Published in final edited form as: Am J Med Genet. 1988 Jan;29(1):149–154. doi: 10.1002/ajmg.1320290119

Brief Clinical Report and Review: Two Patients With Ring Chromosome 15 Syndrome

Merlin G Butler 1, Agnes B Fogo 2, David A Fuchs 3, Francis S Collins 4, Viathilingam G Dev 5, John A Phillips III 6
PMCID: PMC5083070  NIHMSID: NIHMS824196  PMID: 3278612

Abstract

We report on 2 patients (3½ year-old-male and 6-year-old female) with the ring 15 chromosome syndrome and speech delays and review 25 cases from the literature. The main characteristics of this syndrome include growth retardation (100%), variable mental retardation (95%), microcephaly (88%), hypertelorism (46%), and triangular facies (42%). Other frequent findings include delayed bone age (75%), brachydactyly (44%), speech delay (39%), frontal bossing (36%), anomalous ears (30%), café-au-lait spots (30%), cryptorchidism (30%), and cardiac abnormalities (30%). The average age at diagnosis was 8.1 years. The average maternal and paternal age at the time of birth was 28 and 31 years, respectively.

Keywords: short stature, microcephaly, triangular facies, hypertelorism, brachydactyly, mental retardation, speech delay, r(15) chromosome

INTRODUCTION

Ring 15 chromosome syndrome, a rare disorder first described by Jacobsen [1966], is characterized by growth retardation, microcephaly, triangular facies and variable mental retardation. Since that time at least 25 cases have been reported [Jacobsen, 1966; Emberger et al., 1971; Forabosco et al., 1972; Stoll et al., 1975; Kawasaki et al., 1975; Rumenic et al., 1976; Ferrante et al., 1977; Pfeiffer et al., 1977; Fujita and Matsumoto, 1978; Scheibenreiter and Frisch, 1978; Schmid et al., 1978; Wisniewski et al., 1979; Fryns et al., 1979; Ledbetter et al., 1980; Gardner et al., 1980; Meinecke and Koske-Westphal, 1980; Kousseff, 1980; Yunis et al., 1981; Fryns et al., 1981; Moreau and Teyssier, 1982; Neri et al., 1983; Otto et al., 1984; Wilson et al., 1985; Kosztolanyi and Pap, 1986]. Herein we report on 2 additional patients and review the literature.

CLINICAL REPORTS

Patient 1

This white male was the product of a term gestation ta a 27-year-old-white primagravida female and 33-year-old white father. Intrauterine growth failure was detected by ultrasound during the fifth month of pregnancy. The infant was delivered by C-section because of breech presentation. The birth weight was 1930 g and length was 42.5 cm. The APGAR scores were 9 and 9 at one and five minutes, respectively. On physical examination, the infant had microcephaly, bilateral hip dislocations, bilateral club feet, bilateral cryptorchidism, and mild first degree hypospadias.

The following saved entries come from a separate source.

(* Let $G$ be a countable group that is not locally finite. Then for every $n\ge1$ there is a fair polytile $(T_1,\dots,T_k)$ of $G$ with $|T_1|=n$. Furthermore, if $F\subseteq G$ is finite then for all sufficiently large $n$ there is a fair polytile $(T_1,\dots,T_k)$ of $G$ with $F\subseteq T_1$ and $|T_1|=n$.
   Context: A group is locally finite if every finite subset generates a finite subgroup. For a countable group $G$, a tuple $(T_1,\dots,T_k)$ of finite subsets of $G$, each containing $1_G$, is a polytile if there are non-empty sets $\Delta_1,\dots,\Delta_k\subseteq G$ such that $G$ is the disjoint union $\coprod_{1\le i\le k,\ \delta\in\Delta_i}\delta T_i$. It is fair if all $T_i$ have the same cardinality. *)

theory Defs
  imports "HOL-Algebra.Algebra" "HOL-Library.Countable_Set"
begin

definition locally_finite_group :: "('a, 'b) monoid_scheme \<Rightarrow> bool" where
  "locally_finite_group G \<longleftrightarrow>
     (\<forall>S. S \<subseteq> carrier G \<and> finite S \<longrightarrow> finite (generate G S))"

text \<open>A tuple (T_1,...,T_k) is represented as a list Ts = [T_1,...,T_k] (T_1 = Ts!0).\<close>
definition polytile :: "('a, 'b) monoid_scheme \<Rightarrow> 'a set list \<Rightarrow> bool" where
  "polytile G Ts \<longleftrightarrow>
     Ts \<noteq> [] \<and>
     (\<forall>T\<in>set Ts. finite T \<and> T \<subseteq> carrier G \<and> \<one>\<^bsub>G\<^esub> \<in> T) \<and>
     (\<exists>\<Delta> :: nat \<Rightarrow> 'a set.
        (\<forall>i<length Ts. \<Delta> i \<noteq> {} \<and> \<Delta> i \<subseteq> carrier G) \<and>
        (\<Union>i<length Ts. \<Union>\<delta>\<in>\<Delta> i. l_coset G \<delta> (Ts ! i)) = carrier G \<and>
        (\<forall>i<length Ts. \<forall>j<length Ts. \<forall>\<delta>\<in>\<Delta> i. \<forall>\<delta>'\<in>\<Delta> j.
            (i, \<delta>) \<noteq> (j, \<delta>') \<longrightarrow>
            l_coset G \<delta> (Ts ! i) \<inter> l_coset G \<delta>' (Ts ! j) = {}))"

definition fair :: "'a set list \<Rightarrow> bool" where
  "fair Ts \<longleftrightarrow> (\<forall>T\<in>set Ts. \<forall>T'\<in>set Ts. card T = card T')"

end

theory Submission
  imports Defs "HOL-Library.Disjoint_Sets"
begin


lemma sum_lessThan_add_diff_le:
  fixes a :: "nat \<Rightarrow> nat"
  assumes "\<And>k. 1 \<le> a k" and "i \<le> j"
  shows "(\<Sum>k<i. a k) + (j - i) \<le> (\<Sum>k<j. a k)"
proof -
  have "j - i = (\<Sum>k=i..<j. 1)" by simp
  also have "\<dots> \<le> (\<Sum>k=i..<j. a k)" using assms(1) by (rule sum_mono)
  finally have "(\<Sum>k<i. a k) + (j - i) \<le> (\<Sum>k=0..<i. a k) + (\<Sum>k=i..<j. a k)"
    by (simp add: atLeast0LessThan)
  also have "\<dots> = (\<Sum>k<j. a k)"
    using sum.atLeastLessThan_concat[of 0 i j a] assms(2) by (simp add: atLeast0LessThan)
  finally show ?thesis .
qed

lemma enumerate_UN_in_order:
  fixes A :: "nat \<Rightarrow> 'a set"
  assumes fin: "\<And>i. finite (A i)" and ne: "\<And>i. A i \<noteq> {}"
    and dj: "\<And>i j. i \<noteq> j \<Longrightarrow> A i \<inter> A j = {}"
  obtains g where "bij_betw g (\<Union>i. A i) UNIV"
    and "\<And>i y. y \<in> A i \<Longrightarrow> (\<Sum>k<i. card (A k)) \<le> g y \<and> g y < (\<Sum>k<Suc i. card (A k))"
proof -
  define s where "s i = (\<Sum>k<i. card (A k))" for i
  have s_Suc: "s (Suc i) = s i + card (A i)" for i by (simp add: s_def)
  have s_gap: "s i + (j - i) \<le> s j" if "i \<le> j" for i j
    unfolding s_def using fin ne that by (intro sum_lessThan_add_diff_le) (simp_all add: Suc_leI card_gt_0_iff)
  have "\<forall>i. \<exists>f. bij_betw f (A i) {s i..<s (Suc i)}"
    using fin s_Suc by (intro allI finite_same_card_bij) auto
  then obtain f where f: "\<And>i. bij_betw (f i) (A i) {s i..<s (Suc i)}" by metis
  define idx where "idx y = (THE i. y \<in> A i)" for y
  have idx: "idx y = i" if "y \<in> A i" for y i
    unfolding idx_def using that dj by (intro the_equality) auto
  define g where "g y = f (idx y) y" for y
  have g_in: "s i \<le> g y \<and> g y < s (Suc i)" if "y \<in> A i" for y i
    using f[of i] that idx[OF that] unfolding g_def bij_betw_def by auto
  have "inj_on g (\<Union>i. A i)"
  proof (rule inj_onI)
    fix x y assume "x \<in> (\<Union>i. A i)" "y \<in> (\<Union>i. A i)" and e: "g x = g y"
    then obtain i j where i: "x \<in> A i" and j: "y \<in> A j" by auto
    have "\<not> i < j" and "\<not> j < i"
      using g_in[OF i] g_in[OF j] e s_gap[of "Suc i" j] s_gap[of "Suc j" i] by auto
    then have "i = j" by simp
    then show "x = y"
      using f[of i] i j e idx[OF i] idx[OF j] unfolding g_def bij_betw_def inj_on_def by auto
  qed
  moreover have "m \<in> g ` (\<Union>i. A i)" for m
  proof -
    have "s 0 = 0" by (simp add: s_def)
    then have ex: "\<exists>i. m < s (Suc i)" using s_gap[of 0 "Suc m"] by (intro exI[of _ m]) simp
    define i where "i = (LEAST i. m < s (Suc i))"
    have "m < s (Suc i)" unfolding i_def by (rule LeastI_ex[OF ex])
    moreover have "s i \<le> m"
    proof (cases i)
      case (Suc i')
      then have "\<not> m < s (Suc i')" using not_less_Least[of i' "\<lambda>i. m < s (Suc i)"] i_def by simp
      then show ?thesis using Suc by simp
    qed (simp add: s_def)
    ultimately have "m \<in> f i ` A i" using f[of i] unfolding bij_betw_def by simp
    then obtain y where y: "y \<in> A i" "f i y = m" by blast
    then show ?thesis using idx[OF y(1)] unfolding g_def by force
  qed
  ultimately have "bij_betw g (\<Union>i. A i) UNIV" unfolding bij_betw_def by auto
  then show ?thesis using that g_in unfolding s_def by blast
qed

definition windowed_partition :: "nat \<Rightarrow> (nat \<Rightarrow> 'a set) \<Rightarrow> 'a set set \<Rightarrow> bool" where
  "windowed_partition n A P \<longleftrightarrow> disjoint P \<and> \<Union>P = (\<Union>i. A i) \<and>
     (\<forall>B\<in>P. card B = n \<and> (\<exists>i. B \<subseteq> (\<Union>k\<in>{i..i+n}. A k))) \<and>
     (card (A 0) \<le> n \<longrightarrow> (\<exists>B\<in>P. A 0 \<subseteq> B))"

lemma div_eq_iff_interval: "0 < n \<Longrightarrow> x div n = m \<longleftrightarrow> x \<in> {m * n..<m * n + n}" for x n m :: nat
proof
  assume "0 < n" "x div n = m"
  then show "x \<in> {m * n..<m * n + n}" using dividend_less_div_times[of n x] by auto
qed (auto intro: div_nat_eqI simp: mult.commute)

lemma bij_betw_preimage:
  assumes "bij_betw g A B" "C \<subseteq> B"
  shows "bij_betw g {y \<in> A. g y \<in> C} C"
  unfolding bij_betw_def
proof
  show "inj_on g {y \<in> A. g y \<in> C}" using assms(1) unfolding bij_betw_def by (auto intro: inj_on_subset)
  show "g ` {y \<in> A. g y \<in> C} = C" using assms unfolding bij_betw_def by blast
qed

lemma windowed_partition_exists:
  fixes A :: "nat \<Rightarrow> 'a set"
  assumes n: "1 \<le> n" and fin: "\<And>i. finite (A i)" and ne: "\<And>i. A i \<noteq> {}"
    and dj: "\<And>i j. i \<noteq> j \<Longrightarrow> A i \<inter> A j = {}"
  shows "\<exists>P. windowed_partition n A P"
proof -
  define s where "s i = (\<Sum>k<i. card (A k))" for i
  obtain g where g: "bij_betw g (\<Union>i. A i) UNIV"
    and g_in: "\<And>i y. y \<in> A i \<Longrightarrow> s i \<le> g y \<and> g y < s (Suc i)"
    using enumerate_UN_in_order[of A, OF fin ne dj] unfolding s_def by blast
  have s_gap: "s i + (j - i) \<le> s j" if "i \<le> j" for i j
    unfolding s_def using fin ne that by (intro sum_lessThan_add_diff_le) (simp_all add: Suc_leI card_gt_0_iff)
  define blk where "blk m = {y \<in> (\<Union>i. A i). g y \<in> {m * n..<m * n + n}}" for m
  have blk_div: "y \<in> blk m \<longleftrightarrow> y \<in> (\<Union>i. A i) \<and> g y div n = m" for y m
    unfolding blk_def using div_eq_iff_interval n by simp
  have card_blk: "card (blk m) = n" for m
    using bij_betw_same_card[OF bij_betw_preimage[OF g subset_UNIV, of "{m * n..<m * n + n}"]]
    unfolding blk_def by simp
  have window: "k' \<le> k + n" if "y \<in> A k" "y' \<in> A k'" "y \<in> blk m" "y' \<in> blk m" for y y' k k' m
  proof (cases "k < k'")
    case True
    have "m * n \<le> g y" "g y' < m * n + n" using that(3,4) unfolding blk_def by auto
    then show ?thesis using g_in[OF that(1)] g_in[OF that(2)] s_gap[of "Suc k" k'] True by linarith
  qed simp
  show ?thesis unfolding windowed_partition_def
  proof (intro exI[of _ "range blk"] conjI ballI impI)
    fix B assume "B \<in> range blk"
    then obtain m where B: "B = blk m" by auto
    show "card B = n" using B card_blk by simp
    then have "B \<noteq> {}" using n by auto
    then have ex: "\<exists>i. A i \<inter> B \<noteq> {}" using B blk_def by auto
    define i where "i = (LEAST i. A i \<inter> B \<noteq> {})"
    obtain y0 where y0: "y0 \<in> A i" "y0 \<in> B" using LeastI_ex[OF ex] unfolding i_def by blast
    show "\<exists>i. B \<subseteq> (\<Union>k\<in>{i..i + n}. A k)"
    proof (intro exI[of _ i] subsetI)
      fix y assume y: "y \<in> B"
      then obtain k where k: "y \<in> A k" using B blk_def by auto
      have "i \<le> k" using k y Least_le[of "\<lambda>i. A i \<inter> B \<noteq> {}" k] unfolding i_def by blast
      moreover have "k \<le> i + n" using window[OF y0(1) k] y0(2) y B by simp
      ultimately show "y \<in> (\<Union>k\<in>{i..i + n}. A k)" using k by auto
    qed
  next
    show "disjoint (range blk)" unfolding disjoint_def by (auto simp: blk_div)
    show "\<Union>(range blk) = (\<Union>i. A i)" by (auto simp: blk_div)
  next
    assume "card (A 0) \<le> n"
    then have "g y < n" if "y \<in> A 0" for y using g_in[OF that] by (simp add: s_def)
    then have "A 0 \<subseteq> blk 0" unfolding blk_def by auto
    then show "\<exists>B\<in>range blk. A 0 \<subseteq> B" by auto
  qed
qed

Developmentally, the patient rolled over at 3 months, babbled using syllables (eg, b, d, m) at 4½ months, supported weight on his legs at 5½ months, spoke in consonant-vowel syllables at 7 months, had his first tooth at 9 months, and sat up at 10 months. At 15 months, he could scoot with the use of his arms and had a five to seven word vocabulary. By 18 months, his vocabulary leveled off at 10–15 words, and he was not able to put words together.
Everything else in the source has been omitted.